There is No “Hate Speech” Exception to the First Amendment


Anyone concerned with the future of free speech in the United States should be appalled by the recent events on the campus of U.C. Berkeley. A seemingly peaceful protest of controversial media personality Milo Yiannopoulos quickly turned violent as protesters broke barriers, threw rocks, and started fires in an attempt to prevent Yiannopoulos from speaking at a previously scheduled event. One 19-year-old protester was quoted as saying: “The whole reason we are here is for free speech. Milo’s hate speech is not allowed here. When it is hate speech, our free speech is to shut him down.”

This protester, while passionate and undoubtedly sincere, is woefully wrong in her assessment of how free speech functions in a free society. There is no exception for “hate speech” under the First Amendment.

This is not to say that the First Amendment’s protection of speech is absolute. Under the “clear and present danger” test, speech that threatens national security during wartime or other national security emergencies can be curtailed. Likewise, speech that consists of “fighting words” probable to provoke imminent violence, or speech constituting “obscenity,” are not protected by the First Amendment. The same goes for child pornography, the various forms of defamation, and speech subject to the proprietary rights of others. And especially applicable to the recent violence in Berkeley, the Supreme Court has found that speech that advocates for violence and is likely to produce it also does not qualify for the protection of the First Amendment. While exceptions exist, the general presumption under American law is towards the free expression of unfettered speech.

Those who sincerely believe that the First Amendment should disallow “hate speech” or other forms of speech they may find offensive have not thought through their assertions to their logical conclusions. Imagine how a “hate speech” exception to the First Amendment would operate. Who decides what constitutes “hate speech”? Does it depend on which party is in the majority at a given point? Legislators seem no better equipped than judges to decide the proper parameters for personal expression. Where do we draw the line? What is “hateful” to you, may not be hateful to me.  How do we impose sanctions on alleged violators? The idea of imprisoning our fellow citizens for offending us should shake civil libertarians, whether on the Left or the Right, to their very core.

And perhaps most dangerous of all: How do we account for the possibility of a chilling effect on future individual expression? It is on this point that many of the Supreme Court’s most impactful speech cases have turned. While courts have found reasonable time, place, and manner restrictions constitutional, restrictions based on specific content require the application of strict constitutional scrutiny. The great fear has always been that speech restrictions providing prior restraint will dissuade individuals from expressing themselves for fear of legal retribution. Given the problems identified above regarding the articulation of the standard for “hate speech,” imposing such an exception would be likely to produce the very chilling effect the Court has been so careful to avoid.

The point that “hate speech” exception advocates are missing is that the entire point of the speech protection provisions of the First Amendment was meant to protect offensive speech. The more offensive the speech, the greater protection that speech should receive. The First Amendment has no applicability to speech we find comfortable, polite, or agreeable. It would also miss the entire point of having a “Marketplace of Ideas.” As observed by John Stuart Mill in his seminal essay “On Liberty,”

“The peculiar evil of silencing the expression of an opinion is, that it is robbing the human race; posterity as well as the existing generation; those who dissent from the opinion, still more than those who hold it. If the opinion is right, they are deprived of the opportunity of exchanging error for truth: if wrong, they lose, what is almost as great a benefit, the clearer perception and livelier   impression of truth, produced by its collision with error.”

To advocate for a “hate speech” exception to the First Amendment is not only to render the operation of free speech functionally moot, but it is to rob our fellow citizens of their ability to decide for themselves. We do not have the right to hurl bricks, start fires, or shout someone down just because we disagree with what they say. To do so is not only to injure the rights of the speaker but to injure anyone who might be positively (or negatively) affected by their speech. It is the choice of the audience to listen or turn away. There is no right under the First Amendment, or anywhere else, for us to make that decision for them.

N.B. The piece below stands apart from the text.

(* Assume Assumption A. Let $\{\mathscr F_1,\dots,\mathscr F_{\mathfrak p},\Delta_{\mathscr F}\}$, $\mathfrak p\ge2$, be a partition of $E$ and $\beta^-_N,\beta_N$ positive sequences with $\beta^-_N/\beta_N\to0$ satisfying (H0)–(H3) with $(a_N,b_N)=(\beta^-_N,\beta_N)$. Let $X_{\mathscr F}$ be the Markov chain on $P=\{1,\dots,\mathfrak p\}$ with rates $r_{\mathscr F}(x,y)$ from (H1), $G_1,\dots,G_{\mathfrak q}$ its recurrent classes, $\mathscr G_a=\bigcup_{x\in G_a}\mathscr F_x$, $\breve{\mathscr G}_a=\bigcup_{b\ne a}\mathscr G_b$, assume $\mathfrak q>1$ and set $1/\beta^+_N=\sum_{a=1}^{\mathfrak q}\mathrm{Cap}_N(\mathscr G_a,\breve{\mathscr G}_a)/\mu_N(\mathscr G_a)$. Then $\lim_{N\to\infty}\beta_N/\beta^+_N=0$.
   Context: Setting: $E$ is a fixed finite set. For each $N\ge1$, $(\eta^N_t)$ is a continuous-time irreducible Markov chain on $E$ with jump rates $R_N(\eta,\xi)$, holding rates $\lambda_N(\eta)=\sum_{\xi\neq\eta}R_N(\eta,\xi)$ and unique invariant probability $\mu_N$; $\mathbb P_\eta,\mathbb E_\eta$ law/expectation from $\eta$. $H_A=\inf\{t>0:\eta^N_t\in A\}$, $H^+_A=\inf\{t>\tau_1:\eta^N_t\in A\}$, $\tau_1$ first jump time; $\mathrm{Cap}_N(A,B)=\sum_{\eta\in A}\mu_N(\eta)\lambda_N(\eta)\mathbb P_\eta[H_B<H^+_A]$, $\mathrm{Cap}_N(\eta,\xi)=\mathrm{Cap}_N(\{\eta\},\{\xi\})$. The trace on nonempty $F\subset E$ is $\eta^F_t=\eta^N_{S_F(t)}$, $S_F(t)=\sup\{s:\int_0^s\mathbf 1\{\eta^N_r\in F\}dr\le t\}$, with jump rates $R^F_N$. Ordered families: a finite family of sequences of positive reals $(a^r_N)$, $r\in\mathfrak R$, is ordered if for all $r\neq s$, $\arctan(a^r_N/a^s_N)$ converges. Assumption A: (i) for each $\eta\neq\xi$, either $R_N(\eta,\xi)=0$ for all $N$ or $>0$ for all $N$; $\mathbb B$ is the set of pairs with positive rates; (ii) for every $m\ge1$ the family $\prod_{(\eta,\xi)\in\mathbb B}R_N(\eta,\xi)^{k(\eta,\xi)}$, $k:\mathbb B\to\mathbb Z_+$, $\sum k=m$, is ordered. Conditions for a partition $\{\mathscr F_1,\dots,\mathscr F_{\mathfrak p},\Delta_{\mathscr F}\}$ (independent of $N$) and $(a_N,b_N)$, with $\mathscr F=\bigcup_x\mathscr F_x$ and $r^{\mathscr F}_N(\mathscr F_x,\mathscr F_y)=\mu_N(\mathscr F_x)^{-1}\sum_{\eta\in\mathscr F_x}\mu_N(\eta)\sum_{\xi\in\mathscr F_y}R^{\mathscr F}_N(\eta,\xi)$: (H0) for each $x$, $\eta\in\mathscr F_x$, $\lim_N\mu_N(\eta)/\mu_N(\mathscr F_x)\in(0,1]$ exists; (H1) for $x\ne y$, $r_{\mathscr F}(x,y):=\lim_Nb_Nr^{\mathscr F}_N(\mathscr F_x,\mathscr F_y)\in[0,\infty)$ exists, and $\sum_x\sum_{y\ne x}r_{\mathscr F}(x,y)>0$; (H2) for $|\mathscr F_x|\ge2$, $\eta\ne\xi\in\mathscr F_x$: $\liminf_Na_N\mathrm{Cap}_N(\eta,\xi)/\mu_N(\mathscr F_x)>0$; (H3) for every $t>0$, $\lim_N\max_\eta\mathbb E_\eta[\int_0^t\mathbf 1\{\eta^N_{sb_N}\in\Delta_{\mathscr F}\}ds]=0$. *)

theory Defs
  imports "HOL-Analysis.Analysis"
begin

So what recourse do we have to oppose speech that we find offensive? In the famous words of Justice Brandeis, “the remedy to be applied is more speech, not enforced silence.”


Timothy Snowball is a third year Juris Doctor candidate at The George Washington University Law School who is interested in constitutional law, history, and government. Tim holds degrees in political science from the University of California Berkeley and Grossmont College in San Diego.